Compiling is all from the ports system.  portmaster only tells it which ports to build.  The specifics come from the files in /usr/ports/mk/, the port's own Makefile, and /etc/make.conf.  If you have to set specific compilers, it means something else is broken.


----------



## talsamon (Dec 13, 2014)

I don't understand this. `Portmaster -af` recompiled boost-libs, all related ports, then exits with portmaster. Now I recompiled in the port and all related ports compiled fine. It's a portmaster problem. (I commented out gcc48 for this ports in /etc/make.conf).
Last time I compiled this port with portmaster the boost-libraries caused an endless loop and I can compile it only with gcc48. That's the reason I write it in the /etc/make.conf.
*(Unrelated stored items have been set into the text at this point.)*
(* Let $\varphi$ be a closed recHML formula. If there is a reactive monitor (possibly containing $\otimes,\oplus$) that is sound and violation-complete (resp. satisfaction-complete) for $\varphi$ over finfinite traces, then there is some $\psi\in\mathrm{sHML}$ (resp. $\psi\in\mathrm{cHML}$) with $[\![\psi]\!]_F=[\![\varphi]\!]_F$.
   Context: Fix a finite set $\mathrm{Act}$ of actions, $\tau\notin\mathrm{Act}$. recHML formulae: $\varphi::=\mathrm{tt}\mid\mathrm{ff}\mid\varphi\vee\varphi\mid\varphi\wedge\varphi\mid\langle A\rangle\varphi\mid[A]\varphi\mid\min X.\varphi\mid\max X.\varphi\mid X$ ($A\subseteq\mathrm{Act}$), guarded. $\mathrm{sHML}$: $\varphi::=\mathrm{tt}\mid\mathrm{ff}\mid[A]\varphi\mid\varphi\wedge\varphi\mid\max X.\varphi\mid X$; $\mathrm{cHML}$: $\varphi::=\mathrm{tt}\mid\mathrm{ff}\mid\langle A\rangle\varphi\mid\varphi\vee\varphi\mid\min X.\varphi\mid X$. Finfinite traces $\mathrm{Fin}=\mathrm{Act}^\omega\cup\mathrm{Act}^*$; finfinite semantics: $[\![\mathrm{tt}]\!]_F=\mathrm{Fin}$, $[\![\mathrm{ff}]\!]_F=\emptyset$, $\vee,\wedge$ union/intersection, $[\![\langle A\rangle\varphi,\sigma]\!]_F=\{ag\mid a\in A,g\in[\![\varphi,\sigma]\!]_F\}$, $[\![[A]\varphi,\sigma]\!]_F=\{g\mid\forall a\in A,\forall g'.\ g=ag'\Rightarrow g'\in[\![\varphi,\sigma]\!]_F\}$, $\min/\max$ as least/greatest fixpoints, $[\![X,\sigma]\!]_F=\sigma(X)$. Monitors: $m,n::=v\mid a.m\mid m+n\mid\mathrm{rec}\,x.m\mid x\mid m\otimes n\mid m\oplus n$, verdicts $v::=\mathrm{end}\mid\mathrm{no}\mid\mathrm{yes}$, transitions ($\mu\in\mathrm{Act}\cup\{\tau\}$, $a\in\mathrm{Act}$, $\odot\in\{\otimes,\oplus\}$): $a.m\xrightarrow{a}m$; $\mathrm{rec}\,x.m\xrightarrow{\tau}m[\mathrm{rec}\,x.m/x]$; if $m\xrightarrow{\mu}m'$ then $m+n\xrightarrow{\mu}m'$ and $n+m\xrightarrow{\mu}m'$; $v\xrightarrow{a}v$; if $m\xrightarrow{a}m'$ and $n\xrightarrow{a}n'$ then $m\odot n\xrightarrow{a}m'\odot n'$; if $m\xrightarrow{\tau}m'$ then $m\odot n\xrightarrow{\tau}m'\odot n$ and $n\odot m\xrightarrow{\tau}n\odot m'$; $\mathrm{end}\odot\mathrm{end}\xrightarrow{\tau}\mathrm{end}$; $\mathrm{yes}\otimes m\xrightarrow{\tau}m$, $\mathrm{no}\otimes m\xrightarrow{\tau}\mathrm{no}$, $\mathrm{no}\oplus m\xrightarrow{\tau}m$, $\mathrm{yes}\oplus m\xrightarrow{\tau}\mathrm{yes}$, and symmetric versions. Weak transitions as usual. A monitor is reactive if every state reachable from it can weakly perform every $a\in\mathrm{Act}$. $m$ rejects (accepts) $s\in\mathrm{Act}^*$ iff $m\overset{s}{\Longrightarrow}\mathrm{no}$ ($\mathrm{yes}$), and rejects (accepts) $g\in\mathrm{Fin}$ iff it rejects (accepts) some finite prefix of $g$. $m$ is sound for $\varphi$ over finfinite traces if for all $g\in\mathrm{Fin}$, rejecting $g$ implies $g\notin[\![\varphi]\!]_F$ and accepting $g$ implies $g\in[\![\varphi]\!]_F$; violation-complete if $g\notin[\![\varphi]\!]_F$ implies $m$ rejects $g$; satisfaction-complete if $g\in[\![\varphi]\!]_F$ implies $m$ accepts $g$. *)

theory Defs
  imports Main
begin

datatype 'a ftrace = FinT "'a list" | InfT "nat \<Rightarrow> 'a"

fun tcons :: "'a \<Rightarrow> 'a ftrace \<Rightarrow> 'a ftrace" where
  "tcons a (FinT l) = FinT (a # l)"
| "tcons a (InfT f) = InfT (case_nat a f)"

definition tapp :: "'a list \<Rightarrow> 'a ftrace \<Rightarrow> 'a ftrace" where
  "tapp s g = foldr tcons s g"

definition tprefix :: "'a list \<Rightarrow> 'a ftrace \<Rightarrow> bool" where
  "tprefix s g \<longleftrightarrow> (\<exists>g'. g = tapp s g')"

type_synonym var = nat

datatype 'a form =
    TT | FF
  | Or "'a form" "'a form"
  | And "'a form" "'a form"
  | Dia "'a set" "'a form"
  | Box "'a set" "'a form"
  | Min var "'a form"
  | Max var "'a form"
  | FVar var

fun fv :: "'a form \<Rightarrow> var set" where
  "fv TT = {}" | "fv FF = {}"
| "fv (Or p q) = fv p \<union> fv q" | "fv (And p q) = fv p \<union> fv q"
| "fv (Dia A p) = fv p" | "fv (Box A p) = fv p"
| "fv (Min x p) = fv p - {x}" | "fv (Max x p) = fv p - {x}"
| "fv (FVar x) = {x}"

definition closed_form :: "'a form \<Rightarrow> bool" where
  "closed_form p \<longleftrightarrow> fv p = {}"

text \<open>guarded_in S p: no variable of S (bound by an enclosing fixpoint without an
  intervening modality) occurs unguarded in p\<close>
fun guarded_in :: "var set \<Rightarrow> 'a form \<Rightarrow> bool" where
  "guarded_in S TT = True" | "guarded_in S FF = True"
| "guarded_in S (Or p q) = (guarded_in S p \<and> guarded_in S q)"
| "guarded_in S (And p q) = (guarded_in S p \<and> guarded_in S q)"
| "guarded_in S (Dia A p) = guarded_in {} p"
| "guarded_in S (Box A p) = guarded_in {} p"
| "guarded_in S (Min x p) = guarded_in (insert x S) p"
| "guarded_in S (Max x p) = guarded_in (insert x S) p"
| "guarded_in S (FVar x) = (x \<notin> S)"

definition guarded :: "'a form \<Rightarrow> bool" where
  "guarded p \<longleftrightarrow> guarded_in {} p"

fun is_sHML :: "'a form \<Rightarrow> bool" where
  "is_sHML TT = True" | "is_sHML FF = True"
| "is_sHML (Box A p) = is_sHML p"
| "is_sHML (And p q) = (is_sHML p \<and> is_sHML q)"
| "is_sHML (Max x p) = is_sHML p"
| "is_sHML (FVar x) = True"
| "is_sHML _ = False"

fun is_cHML :: "'a form \<Rightarrow> bool" where
  "is_cHML TT = True" | "is_cHML FF = True"
| "is_cHML (Dia A p) = is_cHML p"
| "is_cHML (Or p q) = (is_cHML p \<and> is_cHML q)"
| "is_cHML (Min x p) = is_cHML p"
| "is_cHML (FVar x) = True"
| "is_cHML _ = False"

fun semF :: "'a form \<Rightarrow> (var \<Rightarrow> 'a ftrace set) \<Rightarrow> 'a ftrace set" where
  "semF TT \<sigma> = UNIV"
| "semF FF \<sigma> = {}"
| "semF (Or p q) \<sigma> = semF p \<sigma> \<union> semF q \<sigma>"
| "semF (And p q) \<sigma> = semF p \<sigma> \<inter> semF q \<sigma>"
| "semF (Dia A p) \<sigma> = {tcons a g | a g. a \<in> A \<and> g \<in> semF p \<sigma>}"
| "semF (Box A p) \<sigma> = {g. \<forall>a\<in>A. \<forall>g'. g = tcons a g' \<longrightarrow> g' \<in> semF p \<sigma>}"
| "semF (Min x p) \<sigma> = lfp (\<lambda>S. semF p (\<sigma>(x := S)))"
| "semF (Max x p) \<sigma> = gfp (\<lambda>S. semF p (\<sigma>(x := S)))"
| "semF (FVar x) \<sigma> = \<sigma> x"

text \<open>semantics of a closed formula (environment irrelevant)\<close>
definition semC :: "'a form \<Rightarrow> 'a ftrace set" where
  "semC p = semF p (\<lambda>_. {})"

datatype verdict = End | No | Yes
datatype parop = OTimes | OPlus

datatype 'a mon =
    V verdict
  | Pre 'a "'a mon"
  | Sum "'a mon" "'a mon"
  | Rec var "'a mon"
  | MVar var
  | Par parop "'a mon" "'a mon"

fun mfv :: "'a mon \<Rightarrow> var set" where
  "mfv (V v) = {}" | "mfv (Pre a m) = mfv m"
| "mfv (Sum m n) = mfv m \<union> mfv n" | "mfv (Rec x m) = mfv m - {x}"
| "mfv (MVar x) = {x}" | "mfv (Par o' m n) = mfv m \<union> mfv n"

definition closed_mon :: "'a mon \<Rightarrow> bool" where
  "closed_mon m \<longleftrightarrow> mfv m = {}"

text \<open>msubst m x n = m[n/x]\<close>
fun msubst :: "'a mon \<Rightarrow> var \<Rightarrow> 'a mon \<Rightarrow> 'a mon" where
  "msubst (V v) x n = V v"
| "msubst (Pre a m) x n = Pre a (msubst m x n)"
| "msubst (Sum m1 m2) x n = Sum (msubst m1 x n) (msubst m2 x n)"
| "msubst (Rec y m) x n = (if y = x then Rec y m else Rec y (msubst m x n))"
| "msubst (MVar y) x n = (if y = x then n else MVar y)"
| "msubst (Par o' m1 m2) x n = Par o' (msubst m1 x n) (msubst m2 x n)"

text \<open>labels: Some a for an action, None for tau\<close>
inductive step :: "'a mon \<Rightarrow> 'a option \<Rightarrow> 'a mon \<Rightarrow> bool" where
  sPre: "step (Pre a m) (Some a) m"
| sRec: "step (Rec x m) None (msubst m x (Rec x m))"
| sSumL: "step m \<mu> m' \<Longrightarrow> step (Sum m n) \<mu> m'"
| sSumR: "step m \<mu> m' \<Longrightarrow> step (Sum n m) \<mu> m'"
| sVerd: "step (V v) (Some a) (V v)"
| sPar: "step m (Some a) m' \<Longrightarrow> step n (Some a) n' \<Longrightarrow> step (Par o' m n) (Some a) (Par o' m' n')"
| sParTL: "step m None m' \<Longrightarrow> step (Par o' m n) None (Par o' m' n)"
| sParTR: "step m None m' \<Longrightarrow> step (Par o' n m) None (Par o' n m')"
| sEnd: "step (Par o' (V End) (V End)) None (V End)"
| sYesT1: "step (Par OTimes (V Yes) m) None m"
| sYesT2: "step (Par OTimes m (V Yes)) None m"
| sNoT1: "step (Par OTimes (V No) m) None (V No)"
| sNoT2: "step (Par OTimes m (V No)) None (V No)"
| sNoP1: "step (Par OPlus (V No) m) None m"
| sNoP2: "step (Par OPlus m (V No)) None m"
| sYesP1: "step (Par OPlus (V Yes) m) None (V Yes)"
| sYesP2: "step (Par OPlus m (V Yes)) None (V Yes)"

inductive wtrans :: "'a mon \<Rightarrow> 'a list \<Rightarrow> 'a mon \<Rightarrow> bool" where
  wRefl: "wtrans m [] m"
| wTau: "step m None m' \<Longrightarrow> wtrans m' s m'' \<Longrightarrow> wtrans m s m''"
| wAct: "step m (Some a) m' \<Longrightarrow> wtrans m' s m'' \<Longrightarrow> wtrans m (a # s) m''"

definition reachable :: "'a mon \<Rightarrow> 'a mon \<Rightarrow> bool" where
  "reachable m m' \<longleftrightarrow> (\<exists>s. wtrans m s m')"

definition reactive :: "'a mon \<Rightarrow> bool" where
  "reactive m \<longleftrightarrow> (\<forall>m'. reachable m m' \<longrightarrow> (\<forall>a. \<exists>m''. wtrans m' [a] m''))"

definition rejects :: "'a mon \<Rightarrow> 'a ftrace \<Rightarrow> bool" where
  "rejects m g \<longleftrightarrow> (\<exists>s. tprefix s g \<and> wtrans m s (V No))"

definition accepts :: "'a mon \<Rightarrow> 'a ftrace \<Rightarrow> bool" where
  "accepts m g \<longleftrightarrow> (\<exists>s. tprefix s g \<and> wtrans m s (V Yes))"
Sometime this way, next another way?


----------



## wblock@ (Dec 13, 2014)

Except you may have built other ports with mixtures of compiler settings or odd library settings or any of numerous other inconsistencies, and that could be causing this breakage.  Messing with various build settings and being cavalier about fixing weird and mysterious errors just causes more of them.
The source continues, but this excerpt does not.